Introducing a simple change: In order to examine the effect of a code change on the verification results, we can now change the examples/calendar.lore file. A simple change would be to comment out (with a //) the precondition of add_vacation in line 16. After compilation with LoRe and Verification with Viper, we should see the following error reported by Silicon (Viper's symbolic execution backend):

[0] Postcondition of add_vacation might not hold. Assertion 30 - sumDays((toSet(graph.vacation): Set[Appointment])) >= 0 might not hold. (calendar.vpr@157.9--157.30)

Closing remarks: One can try introducing further changes to the calendar application and see how this affects the verification result. Whenever these changes introduce new function calls in the source code, these have to be specified in the file examples/calendar/deps/calendar_header.vpr. When working with .vpr files, we recommend using the Viper IDE extension for Visual Studio Code. When working with .lore files, we recommend using Scala syntax highlighting as most of LoRe's syntax is valid Scala syntax.

Modifying the compiler

We include the source code of the LoRe compiler in the sources folder. It is a Scala project using the sbt build tool.

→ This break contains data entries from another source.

section \<open>Compactly supported \<open>C\<^sup>1\<close> functions\<close>

lemma C1c_vanishing_outside:
  assumes "C1c f"
  obtains f' L0 where "\<And>x. (f has_real_derivative f' x) (at x)" "continuous_on UNIV f'" "0 \<le> L0"
    "\<And>x. L0 < \<bar>x\<bar> \<Longrightarrow> f x = 0 \<and> f' x = 0"
proof -
  obtain f' where df: "\<And>x. (f has_real_derivative f' x) (at x)" and cf': "continuous_on UNIV f'"
    using assms unfolding C1c_def C1_differentiable_on_def
    by (auto simp: has_real_derivative_iff_has_vector_derivative)
  have "bounded (closure {x. f x \<noteq> 0})" using assms unfolding C1c_def by (simp add: compact_imp_bounded)
  then obtain L1 where L1: "\<And>x. x \<in> closure {x. f x \<noteq> 0} \<Longrightarrow> norm x \<le> L1" by (auto simp: bounded_iff)
  define L0 where "L0 = max 0 L1"
  have fz: "f x = 0" if "L0 < \<bar>x\<bar>" for x
    using L1[of x] closure_subset[of "{x. f x \<noteq> 0}"] that by (force simp: L0_def)
  have "f' x = 0" if "L0 < \<bar>x\<bar>" for x
  proof -
    have "open {y::real. L0 < \<bar>y\<bar>}" by (intro open_Collect_less continuous_intros)
    hence "(f has_real_derivative 0) (at x)"
      by (rule has_field_derivative_transform_within_open[OF DERIV_const]) (use that fz in auto)
    thus ?thesis by (rule DERIV_unique[OF df[of x]])
  qed
  with df cf' fz show ?thesis by (intro that[of f' L0]) (auto simp: L0_def)
qed
lemma nested_edges_not_uniquely_restricted:
  assumes e: "{a, b} \<in> Es" and e': "{c, d} \<in> Es"
    and order: "lt a c" "lt c d" "lt d b"
  shows "\<not> uniquely_restricted_matching Es {{a, b}, {c, d}}"
proof -
  have V: "a \<in> V" "b \<in> V" "c \<in> V" "d \<in> V" using edge_in_vertices e e' by auto
  have "lt a d" "lt c b" using order V lt_trans by blast+
  have "{a, c} \<in> Es \<or> {c, b} \<in> Es" "{a, d} \<in> Es \<or> {d, b} \<in> Es"
    using edge_split[OF V(1,3,2) order(1) \<open>lt c b\<close> e] edge_split[OF V(1,4,2) \<open>lt a d\<close> order(3) e] .
  moreover have "\<not> ({a, c} \<in> Es \<and> {a, d} \<in> Es)" "\<not> ({b, c} \<in> Es \<and> {b, d} \<in> Es)"
    using no_triangle[of a c d] no_triangle[of c d b] e' by (auto simp: insert_commute)
  ultimately have "({a, c} \<in> Es \<and> {b, d} \<in> Es) \<or> ({a, d} \<in> Es \<and> {b, c} \<in> Es)"
    by (auto simp: insert_commute)
  moreover have "distinct [a, b, c, d]" using lt_chain_distinct[OF V(1,3,4,2) order] by auto
  ultimately show ?thesis
    using uniquely_restricted_two_edges_iff[OF _ edges_doubletons e e'] by blast
qed

end

theorem lemma7:
  fixes V :: "'a set" and Es :: "'a set set" and lt :: "'a \<Rightarrow> 'a \<Rightarrow> bool"
    and a b c d :: 'a
  assumes G: "bipartite_permutation_graph V Es"
    and ord: "transitive_vertex_ordering V Es lt"
    and e: "{a, b} \<in> Es" and ab: "lt a b"
    and e': "{c, d} \<in> Es" and cd: "lt c d"
    and ac: "lt a c"
  shows "(lt b c \<longrightarrow> uniquely_restricted_matching Es {{a, b}, {c, d}})
       \<and> (lt c b \<and> lt b d \<longrightarrow>
            (uniquely_restricted_matching Es {{a, b}, {c, d}} \<longleftrightarrow> {a, d} \<notin> Es))
       \<and> (lt d b \<longrightarrow> \<not> uniquely_restricted_matching Es {{a, b}, {c, d}})"
proof -
  have simple: "simple_graph V Es" and bip: "bipartite V Es"
    using G unfolding bipartite_permutation_graph_def by auto
  show ?thesis
    using disjoint_edges_uniquely_restricted[OF simple bip ord e e' ab _ cd]
      crossing_edges_uniquely_restricted_iff[OF simple bip ord e e' ac]
      nested_edges_not_uniquely_restricted[OF simple bip ord e e' ac cd]
    by blast
qed

end
lemma cdet_cols_zero_col: "cdet_cols c q I (pre @ [\<lambda>x. 0] @ post) = 0"
  unfolding cdet_cols_def by (simp add: col_prod_append)

lemma cdet_cols_mult_central:
  assumes central: "\<And>y. a * y = y * a"
  shows "cdet_cols c q I (pre @ [\<lambda>x. a * u x] @ post) = a * cdet_cols c q I (pre @ [u] @ post)"
proof -
  have "X * (a * Y) = a * (X * Y)" for X Y :: 'a
    by (metis central mult.assoc)
  then show ?thesis
    unfolding cdet_cols_def by (simp add: col_prod_append sum_distrib_left mult.assoc)
qed

lemma cdet_cols_mult_right_last:
  "cdet_cols c q I (vs @ [\<lambda>x. u x * z]) = cdet_cols c q I (vs @ [u]) * z"
  unfolding cdet_cols_def by (simp add: col_prod_append sum_distrib_right mult.assoc)

lemma cdet_cols_move_factor:
  "cdet_cols c q I (pre @ [\<lambda>x. u x * z, w] @ post) = cdet_cols c q I (pre @ [u, \<lambda>y. z * w y] @ post)"
  unfolding cdet_cols_def by (simp add: col_prod_append mult.assoc)

lemma cdet_cols_cong_col:
  assumes "length (pre @ [f] @ post) = length I" "\<And>x. x \<in> set I \<Longrightarrow> f x = g x"
  shows "cdet_cols c q I (pre @ [f] @ post) = cdet_cols c q I (pre @ [g] @ post)"
  unfolding cdet_cols_def
proof (intro sum.cong refl arg_cong[where f = "\<lambda>p. _ * p"] col_prod_cong)
  fix \<sigma> i assume "\<sigma> \<in> {\<sigma>. \<sigma> permutes {0..<length I}}" "i < length (pre @ [f] @ post)"
  then have "I ! \<sigma> (0 + i) \<in> set I" using assms(1) permutes_in_image by fastforce
  then show "((pre @ [f] @ post) ! i) (I ! \<sigma> (0 + i)) = ((pre @ [g] @ post) ! i) (I ! \<sigma> (0 + i))"
    using assms(2) by (auto simp: nth_append nth_Cons split: nat.split)
qed simp

lemma cdet_cols_commute_right:
  assumes "length (pre @ [u] @ ws) = length I"
    and "\<And>t x. t < length ws \<Longrightarrow> x \<in> set I \<Longrightarrow> z * (ws ! t) x = (ws ! t) x * z + d t x"
  shows "cdet_cols c q I (pre @ [\<lambda>x. u x * z] @ ws) = cdet_cols c q I (pre @ [u] @ ws) * z
           + (\<Sum>t<length ws. cdet_cols c q I (pre @ [u] @ ws[t := d t]))"
  using assms
proof (induction ws arbitrary: pre u d)
  case Nil
  then show ?case using cdet_cols_mult_right_last[of c q I pre u z] by simp
next
  case (Cons w ws)
  let ?D = "cdet_cols c q I"
  have "?D (pre @ [\<lambda>x. u x * z] @ w # ws) = ?D (pre @ [u, \<lambda>y. z * w y] @ ws)"
    using cdet_cols_move_factor by simp
  also have "\<dots> = ?D ((pre @ [u]) @ [\<lambda>y. w y * z + d 0 y] @ ws)"
    using cdet_cols_cong_col[of "pre @ [u]" "\<lambda>y. z * w y" ws I "\<lambda>y. w y * z + d 0 y"]
      Cons.prems(1) Cons.prems(2)[of 0] by simp
  also have "\<dots> = ?D ((pre @ [u]) @ [\<lambda>y. w y * z] @ ws) + ?D ((pre @ [u]) @ [d 0] @ ws)"
    by (rule cdet_cols_add)
  also have "?D ((pre @ [u]) @ [\<lambda>y. w y * z] @ ws) = ?D ((pre @ [u]) @ [w] @ ws) * z
           + (\<Sum>t<length ws. ?D ((pre @ [u]) @ [w] @ ws[t := d (Suc t)]))"
  proof (rule Cons.IH)
    fix t x assume "t < length ws" "x \<in> set I"
    then show "z * (ws ! t) x = (ws ! t) x * z + d (Suc t) x"
      using Cons.prems(2)[of "Suc t" x] by simp
  qed (use Cons.prems(1) in simp)
  finally show ?case
    by (simp only: length_Cons sum.lessThan_Suc_shift) (simp add: algebra_simps)
qed

text \<open>The cross Manin relation of two columns; for x = y it is twice the first Manin relation
  x u x w = q_wu x w x u. It is exactly what makes the column determinant antisymmetric in
  the columns x and y.\<close>
definition manin_pair :: "(complex \<Rightarrow> 'a::ring_1) \<Rightarrow> (nat \<Rightarrow> nat \<Rightarrow> complex) \<Rightarrow> nat
    \<Rightarrow> (nat \<Rightarrow> 'a) \<Rightarrow> (nat \<Rightarrow> 'a) \<Rightarrow> bool" where
  "manin_pair c q n x y \<longleftrightarrow> (\<forall>u w. u < w \<longrightarrow> w < n \<longrightarrow>
      x u * y w - c (q w u) * (x w * y u) + y u * x w - c (q w u) * (y w * x u) = 0)"

lemma manin_pair_sym: "manin_pair c q n x y \<Longrightarrow> manin_pair c q n y x"
  unfolding manin_pair_def by (auto simp: algebra_simps)

locale complex_algebra =
  fixes c :: "complex \<Rightarrow> 'a::ring_1"
  assumes calg: "calg_emb c"
begin

lemma c_one: "c 1 = 1" and c_add: "c (z + w) = c z + c w" and c_mult: "c (z * w) = c z * c w"
  and c_central: "c z * x = x * c z"
  using calg unfolding calg_emb_def by blast+

lemma c_minus: "c (- z) = - c z"
proof -
  have "c 0 = 0" using c_add[of 0 0] by simp
  then have "c z + c (- z) = 0" using c_add[of z "- z"] by simp
  then show ?thesis by (simp add: eq_neg_iff_add_eq_0 add.commute)
qed

lemma self_eq_neg_imp_zero:
  fixes X :: 'a
  assumes "X = - X"
  shows "X = 0"
proof -
  have "X = c (1/2 + 1/2) * X" by (simp add: c_one)
  also have "\<dots> = c (1/2) * (X + X)" by (simp only: c_add) (simp add: algebra_simps)
  also have "X + X = 0" using assms by (simp add: eq_neg_iff_add_eq_0)
  finally show ?thesis by simp
qed

lemma cdet_cols_swap_adjacent:
  assumes len: "length (pre @ [x, y] @ post) = length I" and I: "sorted_wrt (<) I" "set I \<subseteq> {..<n}"
    and xy: "manin_pair c q n x y"
  shows "cdet_cols c q I (pre @ [x, y] @ post) = - cdet_cols c q I (pre @ [y, x] @ post)"
proof -
  define b where "b = length pre"
  have b: "Suc b < length I" using len by (simp add: b_def)
  define T where "T vs \<sigma> = c (qeps q I \<sigma>) * col_prod vs (\<lambda>k. I ! \<sigma> k) 0" for vs \<sigma>
  let ?A = "{\<sigma>. \<sigma> permutes {0..<length I} \<and> \<sigma> b < \<sigma> (Suc b)}"
  have pairs: "cdet_cols c q I vs = (\<Sum>\<sigma>\<in>?A. T vs \<sigma> + T vs (\<sigma> \<circ> adj_swap b))" for vs
    unfolding cdet_cols_def T_def by (rule sum_permutes_adj_swap_pairs[OF b])
  \<comment> \<open>In each pair the four terms factor through the cross relation at the rows
    I ! \<sigma> b < I ! \<sigma> (Suc b).\<close>
  have cancel: "T (pre @ [x, y] @ post) \<sigma> + T (pre @ [x, y] @ post) (\<sigma> \<circ> adj_swap b)
        + (T (pre @ [y, x] @ post) \<sigma> + T (pre @ [y, x] @ post) (\<sigma> \<circ> adj_swap b)) = 0"
    if \<sigma>: "\<sigma> \<in> ?A" for \<sigma>
  proof -
    have p: "\<sigma> permutes {0..<length I}" and lt: "\<sigma> b < \<sigma> (Suc b)" using \<sigma> by auto
    have in_I: "\<sigma> (Suc b) < length I" using permutes_in_image[OF p] b by auto
    define u where "u = I ! \<sigma> b"
    define w where "w = I ! \<sigma> (Suc b)"
    have "u < w" unfolding u_def w_def using sorted_wrt_nth_less[OF I(1) lt in_I] .
    moreover have "w < n" using I(2) in_I unfolding w_def by (meson lessThan_iff nth_mem subsetD)
    ultimately have rel: "x u * y w - c (q w u) * (x w * y u) + y u * x w - c (q w u) * (y w * x u) = 0"
      using xy unfolding manin_pair_def by blast
    define P where "P = col_prod pre (\<lambda>k. I ! \<sigma> k) 0"
    define Q where "Q = col_prod post (\<lambda>k. I ! \<sigma> k) (Suc (Suc b))"
    define e where "e = c (qeps q I \<sigma>)"
    have e_swap: "c (qeps q I (\<sigma> \<circ> adj_swap b)) = - (c (q w u) * e)"
      unfolding e_def w_def u_def qeps_comp_adj_swap[OF b lt] by (simp add: c_mult c_minus)
    have cols: "col_prod (pre @ [v, v'] @ post) (\<lambda>k. I ! \<sigma> k) 0 = P * (v u * (v' w * Q))"
      "col_prod (pre @ [v, v'] @ post) (\<lambda>k. I ! (\<sigma> \<circ> adj_swap b) k) 0 = P * (v w * (v' u * Q))"
      for v v' :: "nat \<Rightarrow> 'a"
      using col_prod_two_cols[OF b_def[symmetric], of v v' post "\<lambda>k. I ! \<sigma> k"]
      by (simp_all add: comp_def P_def Q_def u_def w_def)
    have central: "c z * (X * Y) = X * (c z * Y)" for z X Y
      by (metis c_central mult.assoc)
    have "T (pre @ [x, y] @ post) \<sigma> + T (pre @ [x, y] @ post) (\<sigma> \<circ> adj_swap b)
        + (T (pre @ [y, x] @ post) \<sigma> + T (pre @ [y, x] @ post) (\<sigma> \<circ> adj_swap b))
        = e * (P * ((x u * y w - c (q w u) * (x w * y u) + y u * x w - c (q w u) * (y w * x u)) * Q))"
      unfolding T_def e_swap cols e_def[symmetric]
      by (simp add: algebra_simps central)
    also have "\<dots> = 0" by (simp add: rel)
    finally show ?thesis .
  qed
  have "cdet_cols c q I (pre @ [x, y] @ post) + cdet_cols c q I (pre @ [y, x] @ post) = 0"
    unfolding pairs sum.distrib[symmetric] using cancel by simp
  then show ?thesis by (simp add: eq_neg_iff_add_eq_0)
qed

lemma cdet_cols_swap:
  assumes len: "length (pre @ [x] @ mid @ [y] @ post) = length I"
    and I: "sorted_wrt (<) I" "set I \<subseteq> {..<n}" and xy: "manin_pair c q n x y"
    and mid: "\<forall>z\<in>set mid. manin_pair c q n x z \<and> manin_pair c q n z y"
  shows "cdet_cols c q I (pre @ [x] @ mid @ [y] @ post) = - cdet_cols c q I (pre @ [y] @ mid @ [x] @ post)"
  using len mid
proof (induction mid arbitrary: pre)
  case Nil
  then show ?case using cdet_cols_swap_adjacent[OF _ I xy, of pre post] by simp
next
  case (Cons z mid)
  let ?D = "cdet_cols c q I"
  have xz: "manin_pair c q n x z" and zy: "manin_pair c q n z y" using Cons.prems by auto
  have "?D (pre @ [x] @ (z # mid) @ [y] @ post) = - ?D (pre @ [z, x] @ (mid @ [y] @ post))"
    using cdet_cols_swap_adjacent[OF _ I xz] Cons.prems(1) by simp
  also have "?D (pre @ [z, x] @ (mid @ [y] @ post)) = - ?D ((pre @ [z]) @ [y] @ mid @ [x] @ post)"
    using Cons.IH[of "pre @ [z]"] Cons.prems by simp
  also have "?D ((pre @ [z]) @ [y] @ mid @ [x] @ post) = - ?D (pre @ [y, z] @ (mid @ [x] @ post))"
    using cdet_cols_swap_adjacent[OF _ I zy] Cons.prems(1) by simp
  finally show ?case by simp
qed

lemma cdet_cols_repeated_col:
  assumes "length (pre @ [x] @ mid @ [x] @ post) = length I"
    and "sorted_wrt (<) I" "set I \<subseteq> {..<n}" "manin_pair c q n x x"
    and "\<forall>z\<in>set mid. manin_pair c q n x z \<and> manin_pair c q n z x"
  shows "cdet_cols c q I (pre @ [x] @ mid @ [x] @ post) = 0"
  using cdet_cols_swap[OF assms] by (rule self_eq_neg_imp_zero)

lemma cdet_cols_permute_list_comp_adj_swap:
  assumes len: "length vs = length I" and I: "sorted_wrt (<) I" "set I \<subseteq> {..<n}"
    and pairs: "\<forall>x\<in>set vs. \<forall>y\<in>set vs. manin_pair c q n x y"
    and \<sigma>: "\<sigma> permutes {0..<length I}" and b: "Suc b < length I"
  shows "cdet_cols c q I (permute_list (\<sigma> \<circ> adj_swap b) vs) = - cdet_cols c q I (permute_list \<sigma> vs)"
proof -
  define L where "L = permute_list \<sigma> vs"
  have lL: "Suc b < length L" using b len by (simp add: L_def)
  have "permute_list (\<sigma> \<circ> adj_swap b) vs = permute_list (adj_swap b) L"
    unfolding L_def using adj_swap_permutes[of b "length vs"] b len
    by (simp add: permute_list_compose lessThan_atLeast0)
  also have "\<dots> = take b L @ [L ! Suc b, L ! b] @ drop (Suc (Suc b)) L"
    by (rule permute_list_adj_swap[OF lL])
  finally have perm_eq: "permute_list (\<sigma> \<circ> adj_swap b) vs = take b L @ [L ! Suc b, L ! b] @ drop (Suc (Suc b)) L" .
  have "cdet_cols c q I (permute_list (\<sigma> \<circ> adj_swap b) vs)
      = - cdet_cols c q I (take b L @ [L ! b, L ! Suc b] @ drop (Suc (Suc b)) L)"
    unfolding perm_eq
  proof (rule cdet_cols_swap_adjacent[OF _ I])
    have "set L = set vs" unfolding L_def using \<sigma> len by (simp add: lessThan_atLeast0)
    then show "manin_pair c q n (L ! Suc b) (L ! b)"
      using pairs lL by (metis Suc_lessD nth_mem)
  qed (use lL len in \<open>simp add: L_def\<close>)
  also have "take b L @ [L ! b, L ! Suc b] @ drop (Suc (Suc b)) L = L"
    using lL by (simp add: Cons_nth_drop_Suc)
  finally show ?thesis unfolding L_def .
qed

lemma cdet_cols_permute_list:
  assumes len: "length vs = length I" and I: "sorted_wrt (<) I" "set I \<subseteq> {..<n}"
    and pairs: "\<forall>x\<in>set vs. \<forall>y\<in>set vs. manin_pair c q n x y"
    and \<tau>: "\<tau> permutes {0..<length I}"
  shows "cdet_cols c q I (permute_list \<tau> vs) = c (qeps (\<lambda>_ _. 1) I \<tau>) * cdet_cols c q I vs"
  using \<tau>
proof (induction "card (inversions (length I) \<tau>)" arbitrary: \<tau> rule: less_induct)
  case less
  let ?r = "length I"
  show ?case
  proof (cases "\<exists>b. Suc b < ?r \<and> \<tau> (Suc b) < \<tau> b")
    case False
    have "\<tau> b < \<tau> (Suc b)" if "Suc b < ?r" for b
      using False that permutes_inj[OF less.prems] by (metis injD linorder_neqE_nat n_not_Suc_n)
    then have "\<tau> = id" by (rule permutes_ascending_eq_id[OF less.prems])
    moreover have "inversions ?r id = {}" by (auto simp: inversions_def)
    ultimately show ?thesis by (simp add: qeps_eq_prod_inversions c_one)
  next
    case True
    then obtain b where b: "Suc b < ?r" and descent: "\<tau> (Suc b) < \<tau> b" by blast
    define \<sigma> where "\<sigma> = \<tau> \<circ> adj_swap b"
    have \<sigma>: "\<sigma> permutes {0..<?r}"
      unfolding \<sigma>_def by (rule permutes_compose[OF adj_swap_permutes[OF b] less.prems])
    have lt: "\<sigma> b < \<sigma> (Suc b)" using descent by (simp add: \<sigma>_def)
    have \<tau>_eq: "\<tau> = \<sigma> \<circ> adj_swap b" by (simp add: \<sigma>_def)
    have "card (inversions ?r \<sigma>) < card (inversions ?r \<tau>)"
      unfolding \<tau>_eq card_inversions_comp_adj_swap[OF b lt] by simp
    then have "cdet_cols c q I (permute_list \<sigma> vs) = c (qeps (\<lambda>_ _. 1) I \<sigma>) * cdet_cols c q I vs"
      using less.hyps \<sigma> by blast
    then show ?thesis
      unfolding \<tau>_eq cdet_cols_permute_list_comp_adj_swap[OF len I pairs \<sigma> b]
        qeps_comp_adj_swap[OF b lt]
      by (simp add: c_minus)
  qed
qed

end

section \<open>The Capelli-type identity\<close>

definition col :: "(nat \<Rightarrow> nat \<Rightarrow> 'a) \<Rightarrow> nat \<Rightarrow> nat \<Rightarrow> 'a" where
  "col X j = (\<lambda>i. X i j)"
lemma thpow_vec_add:
  assumes "a * d - b * c = 1"
  shows "thpow a b c d n (p + q) = thpow a b c d n p + thpow a b c d n (q :: 'r::comm_ring_1 \<times> 'r)"
proof (induction n rule: int_induct[where k = 0])
  case (step1 i)
  then show ?case unfolding thpow_succ[OF assms] by (simp add: thmap_def algebra_simps)
next
  case (step2 i)
  then show ?case unfolding thpow_pred[OF assms] by (simp add: thinv_def algebra_simps)
qed simp

lemma thpow_vec_zero:
  assumes "a * d - b * c = 1"
  shows "thpow a b c d n 0 = (0 :: 'r::comm_ring_1 \<times> 'r)"
  using thpow_vec_add[OF assms, of n "0 :: 'r \<times> 'r" 0] by simp

lemma thpow_vec_minus:
  assumes "a * d - b * c = 1"
  shows "thpow a b c d n (- p) = - thpow a b c d n (p :: 'r::comm_ring_1 \<times> 'r)"
proof -
  have "thpow a b c d n (- p) + thpow a b c d n p = 0"
    using thpow_vec_add[OF assms, of n "- p" p] by (simp add: thpow_vec_zero[OF assms])
  then show ?thesis by (simp add: eq_neg_iff_add_eq_0)
qed

lemma thpow_of_int:
  assumes "a * d - b * c = 1"
  shows "thpow a b c d n (of_int (fst m), of_int (snd m)) =
     ((of_int (fst (thpow a b c d n m)), of_int (snd (thpow a b c d n m))) :: 'r::comm_ring_1 \<times> 'r)"
proof (induction n rule: int_induct[where k = 0])
  case (step1 i)
  then show ?case unfolding thpow_succ[OF assms] by (simp add: thmap_def)
next
  case (step2 i)
  then show ?case unfolding thpow_pred[OF assms] by (simp add: thinv_def)
qed simp

lemma thpow_cong_mod2:
  fixes m :: "int \<times> int"
  assumes "a * d - b * c = 1" "odd a" "even b" "even c" "odd d"
  shows "even (fst (thpow a b c d n m) - fst m) \<and> even (snd (thpow a b c d n m) - snd m)"
proof (induction n rule: int_induct[where k = 0])
  case (step1 i)
  obtain x y where xy: "thpow a b c d i m = (x, y)" by (cases "thpow a b c d i m")
  have "a * x + c * y - fst m = (a - 1) * x + c * y + (x - fst m)"
    "b * x + d * y - snd m = b * x + (d - 1) * y + (y - snd m)" by (simp_all add: algebra_simps)
  with step1 assms xy show ?case unfolding thpow_succ[OF assms(1)] thmap_def by simp
next
  case (step2 i)
  obtain x y where xy: "thpow a b c d i m = (x, y)" by (cases "thpow a b c d i m")
  have "d * x - c * y - fst m = (d - 1) * x - c * y + (x - fst m)"
    "- (b * x) + a * y - snd m = - (b * x) + (a - 1) * y + (y - snd m)" by (simp_all add: algebra_simps)
  with step2 assms xy show ?case unfolding thpow_pred[OF assms(1)] thinv_def by simp
qed simp

lemma continuous_on_funpow:
  "continuous_on UNIV f \<Longrightarrow> continuous_on UNIV (f ^^ k :: 'a::topological_space \<Rightarrow> 'a)"
  by (induction k) (auto simp: id_def intro: continuous_on_compose2[of UNIV f UNIV])

lemma continuous_on_thpow: "continuous_on UNIV (thpow a b c d n :: real \<times> real \<Rightarrow> real \<times> real)"
proof -
  have "continuous_on UNIV (thmap a b c d :: real \<times> real \<Rightarrow> _)"
    "continuous_on UNIV (thinv a b c d :: real \<times> real \<Rightarrow> _)"
    unfolding thmap_def thinv_def by (intro continuous_intros)+
  then show ?thesis unfolding thpow_def by (simp add: continuous_on_funpow)
qed

section \<open>The group and its deck action\<close>

lemma pi_grp_mult: "mult (pi_grp a b c d) g h = (fst g + thpow a b c d (snd g) (fst h), snd g + snd h)"
  by (simp add: pi_grp_def)

definition pi_inv :: "int \<Rightarrow> int \<Rightarrow> int \<Rightarrow> int \<Rightarrow> (int \<times> int) \<times> int \<Rightarrow> (int \<times> int) \<times> int" where
  "pi_inv a b c d g = (- thpow a b c d (- snd g) (fst g), - snd g)"

lemma pi_grp_mult_inv:
  assumes "a * d - b * c = 1"
  shows "mult (pi_grp a b c d) g (pi_inv a b c d g) = ((0, 0), 0)"
proof -
  have "thpow a b c d (snd g) (- thpow a b c d (- snd g) (fst g)) = - fst g"
    using thpow_add[OF assms, of "snd g" "- snd g" "fst g"] by (simp add: thpow_vec_minus[OF assms])
  then show ?thesis by (simp add: pi_grp_mult pi_inv_def zero_prod_def)
qed

lemma pi_grp_inv_mult: "mult (pi_grp a b c d) (pi_inv a b c d g) g = ((0, 0), 0)"
  by (simp add: pi_grp_mult pi_inv_def zero_prod_def)

lemma deck_act_one: "deck_act a b c d ((0, 0), 0) p = p"
  by (simp add: deck_act_def zero_prod_def[symmetric])

lemma deck_act_mult:
  assumes "a * d - b * c = 1"
  shows "deck_act a b c d g (deck_act a b c d h p) = deck_act a b c d (mult (pi_grp a b c d) g h) p"
proof -
  have "thpow a b c d (snd g) (thpow a b c d (snd h) (fst p) + (of_int (fst (fst h)), of_int (snd (fst h))))
     = thpow a b c d (snd g + snd h) (fst p)
       + ((of_int (fst (thpow a b c d (snd g) (fst h))), of_int (snd (thpow a b c d (snd g) (fst h)))) :: real \<times> real)"
    by (simp add: thpow_vec_add[OF assms] thpow_add[OF assms] thpow_of_int[OF assms])
  then show ?thesis by (simp add: deck_act_def pi_grp_mult algebra_simps)
qed

lemma deck_act_inv:
  assumes "a * d - b * c = 1"
  shows "deck_act a b c d g (deck_act a b c d (pi_inv a b c d g) p) = p"
    "deck_act a b c d (pi_inv a b c d g) (deck_act a b c d g p) = p"
  by (simp_all add: deck_act_mult[OF assms] pi_grp_mult_inv[OF assms] pi_grp_inv_mult deck_act_one)

lemma deck_act_translate: "deck_act a b c d ((m1, m2), 0) p = p + ((of_int m1, of_int m2), 0)"
  by (cases p) (simp add: deck_act_def)

lemma deck_act_conj:
  assumes "a * d - b * c = 1"
  shows "deck_act a b c d ((0, 0), 1) (deck_act a b c d ((m1, m2), 0) p)
       = deck_act a b c d (thmap a b c d (m1, m2), 0) (deck_act a b c d ((0, 0), 1) p)"
  by (simp add: deck_act_mult[OF assms] pi_grp_mult thpow_1 zero_prod_def[symmetric])

lemma continuous_on_deck_act: "continuous_on UNIV (deck_act a b c d g)"
proof -
  have "continuous_on UNIV (\<lambda>p::(real \<times> real) \<times> real. thpow a b c d (snd g) (fst p))"
    by (rule continuous_on_compose2[OF continuous_on_thpow]) (auto intro: continuous_intros)
  then show ?thesis unfolding deck_act_def by (intro continuous_intros)
qed

section \<open>Homomorphisms onto \<open>\<int>/2\<close>\<close>

lemma mod2_additive_eq:
  fixes \<psi> :: "int \<Rightarrow> int"
  assumes add: "\<And>i j. \<psi> (i + j) = (\<psi> i + \<psi> j) mod 2" and range: "\<And>i. \<psi> i = 0 \<or> \<psi> i = 1"
  shows "\<psi> m = (m * \<psi> 1) mod 2"
proof (induction m rule: int_induct[where k = 0])
  case base
  show ?case using add[of 0 0] range[of 0] by auto
next
  case (step1 i)
  then show ?case using add[of i 1] range[of 1] by (auto simp: algebra_simps) presburger+
next
  case (step2 i)
  then show ?case using add[of "i - 1" 1] range[of 1] range[of "i - 1"]
    by (auto simp: algebra_simps) presburger+
qed

lemma hom_Z2_mult:
  assumes "\<phi> \<in> hom (pi_grp a b c d) Z2"
  shows "\<phi> (mult (pi_grp a b c d) g h) = (\<phi> g + \<phi> h) mod 2"
  using hom_mult[OF assms, of g h] by (simp add: pi_grp_def)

We can enter an interactive sbt session using docker by doing:

$ cd sources
$ docker run --rm --volume "$PWD":/pwd --entrypoint sbt -it localhost/lore

Inside this sbt session, we can, e.g., run tests using test or compile the project to a fat jar using assembly. This jar will reside under target/scala-3.2.1/lore-assembly-0.1.0-SNAPSHOT and can be used as a command-line application when executed with java -jar. This way, we can produce an executable that provides the same interface as the lore docker image.